Thank you, John. Potentially holding disease progression, in IgA nephropathy where Blisibimod particularly in those with advanced renal impairment could be a breakthrough for those patients. We've learned a lot from the BRIGHT study including that our selected primary endpoint remission did not contemplate the hypothesis that Blisibimod may prevent worsening of the disease in a population for which worsening is the norm. As I mentioned in the press release, the longer term proteinuria and immunological data from the study is encouraging and provides a strong rationale to continue the study.

Finally, we conducted additional retrospective analysis of the data from BRIGHT in light of emerging research regarding measurements of efficacy and IgA nephropathy. According to recently published article in nature by Dr. Jürgen Floege which is called Time Average Proteinuria is thought to be the most reliable predictor of outcomes in IgA nephropathy. Time Average Proteinuria data from the BRIGHT study is also directionally consistent with our other findings. Taken together all of this data has led to our optimism, that should these trends continue for all patients, Blisibimod could prove meaningful therapy to slow the progression of IgA nephropathy.

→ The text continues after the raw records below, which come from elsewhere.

lemma lamp_hom: "wr_word lamp_letter \<in> hom (free_group r) wreath_ZZ"
  by (rule homI) (simp_all add: wr_word_in_wreath_ZZ lamp_letter_in_wreath_ZZ wr_word_lamp_reduce
      wr_word_append, simp add: wreath_ZZ_def)

section \<open>Sums of translates\<close>

(* translate_sum es l \<delta> t = (\<Sum>j < length es with es!j. \<delta> (t - (j + 1) * l)) *)
fun translate_sum :: "bool list \<Rightarrow> int \<Rightarrow> (int \<Rightarrow> int) \<Rightarrow> int \<Rightarrow> int" where
  "translate_sum [] l \<delta> t = 0"
| "translate_sum (e # es) l \<delta> t = (if e then \<delta> (t - l) else 0) + translate_sum es l \<delta> (t - l)"

lemma translate_sum_zero_fun [simp]: "translate_sum es l (\<lambda>_. 0) t = 0"
  by (induction es arbitrary: t) simp_all

lemma translate_sum_shift: "translate_sum es l (\<lambda>s. \<delta> (s + k)) t = translate_sum es l \<delta> (t + k)"
  by (induction es arbitrary: t) (simp_all add: algebra_simps)

lemma translate_sum_snoc:
  "translate_sum (es @ [e]) l \<delta> t
    = translate_sum es l \<delta> t + (if e then \<delta> (t - (int (length es) + 1) * l) else 0)"
  by (induction es arbitrary: t) (simp_all add: algebra_simps)

lemma translate_sum_neg:
  "translate_sum es (- l) \<delta> t = translate_sum (rev es) l (\<lambda>s. \<delta> (s + (int (length es) + 1) * l)) t"
proof (induction es arbitrary: t)
  case (Cons e es)
  have "translate_sum (rev es) l (\<lambda>s. \<delta> (s + (int (length es) + 2) * l)) t
      = translate_sum (rev es) l (\<lambda>s. \<delta> (s + (int (length es) + 1) * l)) (t + l)"
    using translate_sum_shift[of "rev es" l "\<lambda>s. \<delta> (s + (int (length es) + 1) * l)" l t]
    by (simp add: algebra_simps)
  then show ?case using Cons.IH[of "t + l"] by (simp add: translate_sum_snoc algebra_simps)
qed simp

lemma translate_sum_zero_step: "translate_sum es 0 \<delta> t = int (length (filter id es)) * \<delta> t"
  by (induction es) (simp_all add: algebra_simps)

lemma translate_sum_below:
  "0 < l \<Longrightarrow> \<forall>s<d. \<delta> s = 0 \<Longrightarrow> t < l + d \<Longrightarrow> translate_sum es l \<delta> t = 0"
  by (induction es arbitrary: t) auto

lemma translate_sum_lowest:
  "0 < l \<Longrightarrow> \<forall>s<d. \<delta> s = 0 \<Longrightarrow> translate_sum (True # es) l \<delta> (l + d) = \<delta> d"
  using translate_sum_below[of l d \<delta> d es] by simp

lemma translate_sum_above:
  "0 < l \<Longrightarrow> \<forall>s>d. \<delta> s = 0 \<Longrightarrow> int (length es) * l + d < t \<Longrightarrow> translate_sum es l \<delta> t = 0"
proof (induction es arbitrary: t)
  case (Cons e es)
  have "0 \<le> int (length es) * l" using Cons.prems(1) by simp
  then have "\<delta> (t - l) = 0" using Cons.prems(2,3) by (simp add: algebra_simps)
  moreover have "translate_sum es l \<delta> (t - l) = 0" using Cons by (simp add: algebra_simps)
  ultimately show ?case by simp
qed simp

lemma translate_sum_highest:
  assumes "0 < l" "\<forall>s>d. \<delta> s = 0" "es \<noteq> []" "last es"
  shows "translate_sum es l \<delta> (int (length es) * l + d) = \<delta> d"
  using assms(3,4)
proof (induction es)
  case (Cons e es)
  show ?case
  proof (cases "es = []")
    case False
    then have "d < int (length es) * l + d" using assms(1) by simp
    then show ?thesis using False Cons assms(2) by (simp add: algebra_simps)
  qed (use Cons.prems in simp)
qed simp

lemma translate_sum_inj:
  assumes l: "0 < l" and d: "\<delta> d \<noteq> 0" "\<forall>s<d. \<delta> s = 0"
    and "length es = length es'" and "translate_sum es l \<delta> = translate_sum es' l \<delta>"
  shows "es = es'"
  using assms(4,5)
proof (induction es arbitrary: es')
  case (Cons e es)
  then obtain e' es'' where es': "es' = e' # es''" by (cases es') auto
  have "translate_sum es l \<delta> d = 0" "translate_sum es'' l \<delta> d = 0"
    using translate_sum_below[OF l d(2)] l by auto
  then have "e = e'"
    using fun_cong[OF Cons.prems(2), of "l + d"] d(1) es' by (auto split: if_splits)
  then have "translate_sum es l \<delta> (s + l - l) = translate_sum es'' l \<delta> (s + l - l)" for s
    using fun_cong[OF Cons.prems(2), of "s + l"] es' by simp
  then have "translate_sum es l \<delta> = translate_sum es'' l \<delta>" by auto
  then show ?case using Cons.IH Cons.prems(1) es' \<open>e = e'\<close> by simp
qed simp

definition dipole :: "int \<Rightarrow> int" where
  "dipole t = (if t = 1 then 1 else if t = 0 then -1 else 0)"

lemma finite_support_extremes:
  fixes \<delta> :: "int \<Rightarrow> int"
  assumes fin: "finite {t. \<delta> t \<noteq> 0}" and "\<delta> t0 \<noteq> 0"
  obtains d0 d1 where "\<delta> d0 \<noteq> 0" "\<delta> d1 \<noteq> 0" "\<forall>s<d0. \<delta> s = 0" "\<forall>s>d1. \<delta> s = 0"
proof (rule that)
  have ne: "{t. \<delta> t \<noteq> 0} \<noteq> {}" using assms(2) by blast
  show "\<delta> (Min {t. \<delta> t \<noteq> 0}) \<noteq> 0" using Min_in[OF fin ne] by simp
  show "\<delta> (Max {t. \<delta> t \<noteq> 0}) \<noteq> 0" using Max_in[OF fin ne] by simp
  show "\<forall>s<Min {t. \<delta> t \<noteq> 0}. \<delta> s = 0" using Min_le[OF fin] by (meson mem_Collect_eq not_le)
  show "\<forall>s>Max {t. \<delta> t \<noteq> 0}. \<delta> s = 0" using Max_ge[OF fin] by (meson mem_Collect_eq not_le)
qed

lemma translate_sum_dipole_ends:
  assumes "es \<noteq> []" "hd es" "last es"
  shows "translate_sum es 1 dipole 1 = -1" "\<forall>t<1. translate_sum es 1 dipole t = 0"
    and "translate_sum es 1 dipole (int (length es) + 1) = 1"
    and "\<forall>t>int (length es) + 1. translate_sum es 1 dipole t = 0"
proof -
  have dipole: "dipole 0 = -1" "dipole 1 = 1" "\<forall>s<0. dipole s = 0" "\<forall>s>1. dipole s = 0"
    by (simp_all add: dipole_def)
  obtain es1 where "es = True # es1" using assms(1,2) by (cases es) auto
  then show "translate_sum es 1 dipole 1 = -1"
    using translate_sum_lowest[of 1 0 dipole es1] dipole by simp
  show "\<forall>t<1. translate_sum es 1 dipole t = 0"
    using translate_sum_below[of 1 0 dipole _ es] dipole(3) by simp
  show "translate_sum es 1 dipole (int (length es) + 1) = 1"
    using translate_sum_highest[of 1 1 dipole es] dipole(2,4) assms(1,3) by simp
  show "\<forall>t>int (length es) + 1. translate_sum es 1 dipole t = 0"
    using translate_sum_above[of 1 1 dipole es] dipole(4) by simp
qed

lemma translate_sum_eq_dipole_pos:
  assumes eq: "translate_sum es l \<delta> = translate_sum es' 1 dipole"
    and l: "0 < l" and fin: "finite {t. \<delta> t \<noteq> 0}"
    and len: "length es' = length es" "2 \<le> length es"
    and ends: "hd es" "last es" "hd es'" "last es'"
  shows "es' = es"
proof -
  define n where "n = int (length es)"
  have n: "2 \<le> n" using len(2) by (simp add: n_def)
  obtain es1 where es: "es = True # es1" using len ends(1) by (cases es) auto
  have "es' \<noteq> []" using len by auto
  note rhs = translate_sum_dipole_ends[OF this ends(3,4), folded eq, unfolded len, folded n_def]
  have "\<delta> \<noteq> (\<lambda>_. 0)" using rhs(1) by auto
  then obtain d0 d1 where d: "\<delta> d0 \<noteq> 0" "\<delta> d1 \<noteq> 0" "\<forall>s<d0. \<delta> s = 0" "\<forall>s>d1. \<delta> s = 0"
    using finite_support_extremes[OF fin] by blast
  have low_at: "translate_sum es l \<delta> (l + d0) = \<delta> d0"
    using translate_sum_lowest[OF l d(3)] es by simp
  have low_below: "translate_sum es l \<delta> t = 0" if "t < l + d0" for t
    using translate_sum_below[OF l d(3) that] .
  have "\<not> l + d0 < 1" using rhs(2) low_at d(1) by force
  moreover have "\<not> 1 < l + d0" using low_below rhs(1) by force
  ultimately have d0: "d0 = 1 - l" and "\<delta> d0 = -1" using low_at rhs(1) by auto
  have high_at: "translate_sum es l \<delta> (n * l + d1) = \<delta> d1"
    using translate_sum_highest[OF l d(4), of es] es ends(2) n_def by simp
  have high_above: "translate_sum es l \<delta> t = 0" if "n * l + d1 < t" for t
    using translate_sum_above[OF l d(4)] that n_def by simp
  have "\<not> n * l + d1 < n + 1" using high_above rhs(3) by force
  moreover have "\<not> n + 1 < n * l + d1" using rhs(4) high_at d(2) by force
  ultimately have "n * l + d1 = n + 1" by linarith
  then have d1: "d1 = n + 1 - n * l" and "\<delta> d1 = 1" using high_at rhs(3) by (simp, metis)
  have "\<not> d1 < d0" using d(3) \<open>\<delta> d1 = 1\<close> by force
  moreover have "d0 \<noteq> d1" using \<open>\<delta> d0 = -1\<close> \<open>\<delta> d1 = 1\<close> by auto
  ultimately have "d0 < d1" by linarith
  have "l = 1"
  proof (rule ccontr)
    assume "l \<noteq> 1"
    then have "(n - 1) * 2 \<le> (n - 1) * l" using l n by (intro mult_left_mono) auto
    then show False using \<open>d0 < d1\<close> d0 d1 n by (simp add: algebra_simps)
  qed
  have "\<delta> = dipole"
  proof
    fix t :: int
    consider "t < 0" | "t = 0" | "t = 1" | "1 < t" by linarith
    then show "\<delta> t = dipole t"
      using d(3,4) d0 d1 \<open>l = 1\<close> \<open>\<delta> d0 = -1\<close> \<open>\<delta> d1 = 1\<close> by cases (auto simp: dipole_def)
  qed
  then show ?thesis
    using translate_sum_inj[of 1 dipole 0 es es'] eq len \<open>l = 1\<close> by (simp add: dipole_def)
qed

lemma translate_sum_eq_dipole:
  assumes eq: "translate_sum es l \<delta> = translate_sum es' 1 dipole"
    and fin: "finite {t. \<delta> t \<noteq> 0}"
    and len: "length es' = length es" "2 \<le> length es"
    and ends: "hd es" "last es" "hd es'" "last es'"
  shows "es' = es \<or> es' = rev es"
proof -
  consider "l = 0" | "0 < l" | "l < 0" by linarith
  then show ?thesis
  proof cases
    case 1
    obtain es1 where es: "es = True # es1" using len ends(1) by (cases es) auto
    have "True \<in> set es1" using es len(2) ends(2) by (cases es1 rule: rev_cases) auto
    then have "filter id es1 \<noteq> []" by (auto simp: filter_empty_conv)
    then have k: "2 \<le> length (filter id es)" using es by (cases "filter id es1") auto
    have "es' \<noteq> []" using len by auto
    then have "translate_sum es' 1 dipole 1 = -1"
      using translate_sum_dipole_ends(1) ends(3,4) by blast
    then have "int (length (filter id es)) * \<delta> 1 = - 1"
      using eq translate_sum_zero_step[of es \<delta> 1] 1 by simp
    then have "int (length (filter id es)) dvd 1" by (metis dvd_minus_iff dvd_triv_left)
    then show ?thesis using k zdvd_imp_le by fastforce
  next
    case 2
    then show ?thesis using translate_sum_eq_dipole_pos[OF eq _ fin len ends] by simp
  next
    case 3
    define \<delta>' where "\<delta>' s = \<delta> (s + (int (length es) + 1) * - l)" for s
    have "translate_sum (rev es) (- l) \<delta>' = translate_sum es' 1 dipole"
      using translate_sum_neg[of es "- l" \<delta>] eq unfolding \<delta>'_def by auto
    moreover have "finite ((\<lambda>s. s + (int (length es) + 1) * - l) -` {t. \<delta> t \<noteq> 0})"
      using fin by (rule finite_vimageI) (simp add: inj_on_def)
    then have "finite {s. \<delta>' s \<noteq> 0}" by (simp add: \<delta>'_def vimage_def)
    ultimately have "es' = rev es"
      using translate_sum_eq_dipole_pos[of "rev es" "- l" \<delta>' es'] 3 len ends
      by (simp add: hd_rev last_rev)
    then show ?thesis ..
  qed
qed

abbreviation ltr_a :: "nat \<times> bool" where "ltr_a \<equiv> (0, True)"
abbreviation ltr_a' :: "nat \<times> bool" where "ltr_a' \<equiv> (0, False)"
abbreviation ltr_b :: "nat \<times> bool" where "ltr_b \<equiv> (1, True)"
abbreviation ltr_b' :: "nat \<times> bool" where "ltr_b' \<equiv> (1, False)"

definition comm_ab :: fg_word where
  "comm_ab = [ltr_a, ltr_b, ltr_a', ltr_b']"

Let us cover the rest of the Anthera release and then we will open up for any questions regarding our plans for IgA nephropathy. Craig?

Craig Thompson

Thank you, Jim for the update on the BRIGHT study. Last night we also announced that we have closed patients screening for the Phase 3 SOLUTION clinical study evaluating efficacy and safety of Sollpura compared to an approved porcine-derived pancreatic enzyme replacement therapy with the treatment of exocrine pancreatic insufficiency in Cystic Fibrosis patients. Screening on the study was closed ahead of schedule and we expect top line data by the end of this year. As this is the only clinical study required for responding to the U.S. FDA complete response letter, we anticipate re-submitting the BLA to the U.S. FDA in 2017 pending completion of the manufacturing program.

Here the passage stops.